For individuals with conditions associated with high rates of bone turnover other than age related osteoporosis (e.g. hyperparathyroidism, Paget disease, renal osteodystrophy) who receive measurement of bone turnover markers, the evidence includes observational studies on the association between markers and disease activity and systemic reviews of those studies. The largest amount of evidence has been published on Paget disease; a systematic review found correlations between several bone turnover markers and disease activity prior to and/or after bisphosphonate treatment. There is a lack of evidence on how the measurement of bone turnover markers can change patient management or improve health outcomes. The evidence is insufficient to determine the effects of the technology on the net health outcomes.

 

Practice Guidelines and Position Statements

National Osteoporosis Foundation

In 2014, the National Osteoporosis Foundation updated their guideline for prevention and treatment of osteoporosis. Regarding biochemical markers of bone turnover, the guideline states:

 

Biochemical markers of bone turnover may:

  • Predict risk of fracture independently of bone density.
  • Predict extent of fracture risk reduction when repeated after 3-6 months of treatment with FDA-approved therapies.
  • Predict magnitude of BMD increases with FDA-approved therapies.
  • Predict rapidity of bone loss.
  • Help determine adequacy of patient compliance and persistence with osteoporosis therapy. Help determine duration of “drug holiday” and when and if medication should be restarted (Data are quite limited to support this use, but studies are underway).

 

The North American Menopause Society

In 2010, the North American Menopause Society issued an updated position statement on the management of osteoporosis in postmenopausal women. The statement included the recommendation, “the routine use of biochemical markers of bone turnover in clinical practice is not generally recommended.”

 

International Osteoporosis Foundation (IOF) and the International Federation of Clinical Chemistry and Laboratory Medicine (IFCC)

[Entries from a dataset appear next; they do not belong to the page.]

definition down_up :: "nat list \<Rightarrow> bool" where
  "down_up xs \<longleftrightarrow> (\<forall>j. Suc j < length xs \<longrightarrow>
      (if even j then xs ! j > xs ! Suc j else xs ! j < xs ! Suc j))"

definition euler_E :: "nat \<Rightarrow> nat" where
  "euler_E n = card {xs. distinct xs \<and> set xs = {1..n} \<and> down_up xs}"

end

theory Submission
  imports Defs
begin

(* Reading off the in-edges of (n+1,k+1) gives the recursion
   pi(n+1,k+1,i) = pi(n+1,k,i) + pi(n,n-k,i), with pi(n,0,i) = [n = i].
   Started at i = 0 this is the Seidel-Entringer triangle: pi(n,k,0) counts the down-up
   permutations of an (n+1)-set that begin with its (k+1)-st smallest element, since
   removing the first element leaves an up-down permutation beginning with a smaller one;
   summing over the first element gives pi(m,m,0) = E_m.
   For a general start, Pascal's rule applied to both binomials shows that
   sum_a C(k,a) C(n-k,i-a) pi(n-i,k-a,0) satisfies the same recursion and base cases,
   hence equals pi(n,k,i); on the diagonal k = n only the term a = i survives. *)

fun npaths_rec :: "nat \<Rightarrow> nat \<Rightarrow> nat \<Rightarrow> nat" where
  "npaths_rec n 0 i = (if n = i then 1 else 0)"
| "npaths_rec 0 (Suc k) i = 0"
| "npaths_rec (Suc n) (Suc k) i =
     (if k \<le> n then npaths_rec (Suc n) k i + npaths_rec n (n - k) i else 0)"

definition gpaths :: "nat \<times> nat \<Rightarrow> nat \<times> nat \<Rightarrow> (nat \<times> nat) list set" where
  "gpaths u v = {p. gpath p \<and> hd p = u \<and> last p = v}"

lemma gedge_to_iff:
  "gedge u (n, k) \<longleftrightarrow> 1 \<le> k \<and> k \<le> n \<and> (u = (n, k - 1) \<or> u = (n - 1, n - k))"
  unfolding gedge_def by (cases n; cases k) auto

lemma gpath_iff_successively:
  "gpath p \<longleftrightarrow> p \<noteq> [] \<and> (\<forall>v\<in>set p. gnode v) \<and> successively gedge p"
  by (simp add: gpath_def successively_conv_nth)

lemma gpath_snoc:
  "gpath (q @ [v]) \<longleftrightarrow> gnode v \<and> (q = [] \<or> gpath q \<and> gedge (last q) v)"
  by (auto simp: gpath_iff_successively successively_append_iff)

lemma gpaths_snoc_last: "p \<in> gpaths u v \<Longrightarrow> p = butlast p @ [v]"
  unfolding gpaths_def gpath_def by auto

lemma gpaths_to_column_0: "gpaths (i, 0) (n, 0) = (if n = i then {[(i, 0)]} else {})"
proof -
  have only_trivial: "p = [(i, 0)] \<and> n = i" if p: "p \<in> gpaths (i, 0) (n, 0)" for p
  proof -
    define q where "q = butlast p"
    have q: "p = q @ [(n, 0)]"
      using gpaths_snoc_last[OF p] by (simp add: q_def)
    then have "q = []"
      using p by (auto simp: gpaths_def gpath_snoc gedge_to_iff)
    then show ?thesis
      using p q by (simp add: gpaths_def)
  qed
  have "[(i, 0)] \<in> gpaths (i, 0) (i, 0)"
    by (simp add: gpaths_def gpath_def gnode_def)
  then show ?thesis
    using only_trivial by (intro set_eqI) (metis empty_iff singleton_iff)
qed

lemma gpaths_to_Suc:
  assumes "k \<le> n"
  shows "gpaths (i, 0) (Suc n, Suc k) =
    (\<lambda>q. q @ [(Suc n, Suc k)]) ` (gpaths (i, 0) (Suc n, k) \<union> gpaths (i, 0) (n, n - k))"
    (is "?lhs = ?snoc ` ?prev")
proof
  show "?lhs \<subseteq> ?snoc ` ?prev"
  proof
    fix p assume p: "p \<in> ?lhs"
    define q where "q = butlast p"
    have q: "p = ?snoc q"
      using gpaths_snoc_last[OF p] by (simp add: q_def)
    with p have "q \<noteq> []" "gpath q" "gedge (last q) (Suc n, Suc k)" "hd q = (i, 0)"
      by (auto simp: gpaths_def gpath_snoc hd_append split: if_splits)
    then show "p \<in> ?snoc ` ?prev"
      using q by (auto simp: gpaths_def gedge_to_iff)
  qed
  show "?snoc ` ?prev \<subseteq> ?lhs"
  proof
    fix p assume "p \<in> ?snoc ` ?prev"
    then obtain q where q: "p = ?snoc q" "q \<in> ?prev"
      by blast
    then have "q \<noteq> []"
      by (auto simp: gpaths_def gpath_def)
    with q assms show "p \<in> ?lhs"
      by (auto simp: gpaths_def gpath_snoc gedge_to_iff gnode_def)
  qed
qed

lemma finite_card_gpaths:
  "k \<le> n \<Longrightarrow> finite (gpaths (i, 0) (n, k)) \<and> card (gpaths (i, 0) (n, k)) = npaths_rec n k i"
proof (induction n k i rule: npaths_rec.induct)
  case (1 n i)
  then show ?case
    by (simp add: gpaths_to_column_0)
next
  case (3 n k i)
  have "inj (\<lambda>q. q @ [(Suc n, Suc k)])"
    by (auto intro: injI)
  moreover have "gpaths (i, 0) (Suc n, k) \<inter> gpaths (i, 0) (n, n - k) = {}"
    by (auto simp: gpaths_def)
  ultimately show ?case
    using 3 by (simp add: gpaths_to_Suc card_image inj_on_subset card_Un_disjoint)
qed simp

lemma npaths_eq_npaths_rec: "k \<le> n \<Longrightarrow> npaths n k i = npaths_rec n k i"
  using finite_card_gpaths by (simp add: npaths_def gpaths_def[symmetric])

abbreviation entringer :: "nat \<Rightarrow> nat \<Rightarrow> nat" where
  "entringer n k \<equiv> npaths_rec n k 0"

lemma npaths_rec_eq_0_if_less: "n < i \<Longrightarrow> npaths_rec n k i = 0"
  by (induction n k i rule: npaths_rec.induct) auto

lemma npaths_rec_start_row: "k \<le> i \<Longrightarrow> npaths_rec i k i = 1"
proof (induction k)
  case (Suc k)
  then obtain n where "i = Suc n"
    by (cases i) auto
  with Suc show ?case
    by (simp add: npaths_rec_eq_0_if_less)
qed simp

lemma entringer_Suc_eq_sum: "k \<le> Suc n \<Longrightarrow> entringer (Suc n) k = (\<Sum>j<k. entringer n (n - j))"
  by (induction k) auto

definition entringer_conv :: "nat \<Rightarrow> nat \<Rightarrow> nat \<Rightarrow> nat" where
  "entringer_conv n k i =
     (\<Sum>a\<le>i. (k choose a) * ((n - k) choose (i - a)) * entringer (n - i) (k - a))"

lemma entringer_conv_eq_0_if_less:
  assumes "k \<le> n" "n < i"
  shows "entringer_conv n k i = 0"
proof -
  have "(k choose a) * ((n - k) choose (i - a)) = 0" for a
    using assms by (cases "a \<le> k") auto
  then show ?thesis
    by (simp add: entringer_conv_def)
qed

lemma entringer_conv_start_row:
  assumes "k \<le> i"
  shows "entringer_conv i k i = 1"
proof -
  have "(k choose a) * ((i - k) choose (i - a)) * entringer 0 (k - a) = (if a = k then 1 else 0)"
    if "a \<le> i" for a
    using that by (cases "k - a") auto
  then show ?thesis
    using assms by (simp add: entringer_conv_def)
qed

lemma sum_Suc_choose_mult:
  "(\<Sum>a\<le>i. (Suc k choose a) * f a) = (\<Sum>a\<le>i. (k choose a) * f a) + (\<Sum>a<i. (k choose a) * f (Suc a))"
  by (induction i) (simp_all add: algebra_simps)

lemma sum_mult_Suc_choose:
  "(\<Sum>a\<le>i. f a * (Suc r choose (i - a))) =
     (\<Sum>a\<le>i. f a * (r choose (i - a))) + (\<Sum>a<i. f a * (r choose (i - Suc a)))"
proof -
  have "f a * (Suc r choose (i - a)) = f a * (r choose (i - a)) + f a * (r choose (i - Suc a))"
    if "a < i" for a
  proof -
    from that have "i - a = Suc (i - Suc a)"
      by simp
    then show ?thesis
      by (simp add: algebra_simps)
  qed
  then show ?thesis
    by (simp add: lessThan_Suc_atMost[symmetric] sum.distrib)
qed

lemma entringer_conv_reflect:
  assumes "k \<le> n" "i \<le> n"
  shows "entringer_conv n (n - k) i =
    (\<Sum>a\<le>i. (k choose a) * ((n - k) choose (i - a)) * entringer (n - i) (n - i - (k - a)))"
proof -
  have "entringer_conv n (n - k) i =
      (\<Sum>a\<le>i. ((n - k) choose a) * (k choose (i - a)) * entringer (n - i) (n - k - a))"
    using assms by (simp add: entringer_conv_def)
  also have "\<dots> = (\<Sum>a\<le>i. ((n - k) choose (i - a)) * (k choose a) * entringer (n - i) (n - k - (i - a)))"
    by (rule sum.reindex_bij_witness[of _ "\<lambda>a. i - a" "\<lambda>a. i - a"]) auto
  also have "\<dots> = (\<Sum>a\<le>i. (k choose a) * ((n - k) choose (i - a)) * entringer (n - i) (n - i - (k - a)))"
    using assms by (intro sum.cong refl) (auto simp: not_le ac_simps)
  finally show ?thesis .
qed

lemma entringer_conv_Suc:
  assumes "k \<le> n" "i \<le> n"
  shows "entringer_conv (Suc n) (Suc k) i = entringer_conv (Suc n) k i + entringer_conv n (n - k) i"
proof -
  define m where "m = n - i"
  define c where "c a = (k choose a) * ((n - k) choose (i - a))" for a
  define A where "A = (\<Sum>a\<le>i. c a * entringer (Suc m) (k - a))"
  define B where "B = (\<Sum>a<i. (k choose a) * ((n - k) choose (i - Suc a)) * entringer (Suc m) (k - a))"
  have entringer_step:
    "c a * entringer (Suc m) (Suc k - a) = c a * entringer (Suc m) (k - a) + c a * entringer m (m - (k - a))"
    for a
  proof (cases "c a = 0")
    case False
    then have "a \<le> k" "i - a \<le> n - k"
      by (auto simp: c_def)
    then have "Suc k - a = Suc (k - a)" "k - a \<le> m"
      using assms by (auto simp: m_def)
    then show ?thesis
      by (simp add: algebra_simps)
  qed simp
  have "entringer_conv (Suc n) (Suc k) i =
      (\<Sum>a\<le>i. (Suc k choose a) * (((n - k) choose (i - a)) * entringer (Suc m) (Suc k - a)))"
    using assms by (simp add: entringer_conv_def m_def Suc_diff_le mult.assoc)
  also have "\<dots> = (\<Sum>a\<le>i. c a * entringer (Suc m) (Suc k - a)) + B"
    by (simp add: sum_Suc_choose_mult c_def B_def mult.assoc)
  also have "\<dots> = (A + B) + (\<Sum>a\<le>i. c a * entringer m (m - (k - a)))"
    by (simp add: entringer_step sum.distrib A_def)
  also have "A + B = entringer_conv (Suc n) k i"
    using sum_mult_Suc_choose[of "\<lambda>a. (k choose a) * entringer (Suc m) (k - a)" "n - k" i] assms
    by (simp add: entringer_conv_def A_def B_def c_def m_def Suc_diff_le ac_simps)
  also have "(\<Sum>a\<le>i. c a * entringer m (m - (k - a))) = entringer_conv n (n - k) i"
    using assms by (simp add: entringer_conv_reflect c_def m_def)
  finally show ?thesis .
qed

In 2011, the International Osteoporosis Foundation (IOF) and the International Federation of Clinical Chemistry and Laboratory Medicine (IFCC) published a position statement by a joint IOF-IFCC Bone Marker Standards Working Group. The aim of the group was to evaluate evidence on using bone turnover markers for fracture risk assessment and monitoring of treatment. The group’s overall conclusion was, “In summary, the available studies relating to bone turnover marker changes to fracture risk reduction with osteoporosis treatments are promising. Further studies are needed that take care of sample handling, ensure that bone turnover markers are measured in all available patients, and use the appropriate statistical methods, including an assessment of whether the final bone turnover marker level is a guide to fracture risk.”

 

International Society for Clinical Densitometry and the International Osteoporosis Foundation (IOF)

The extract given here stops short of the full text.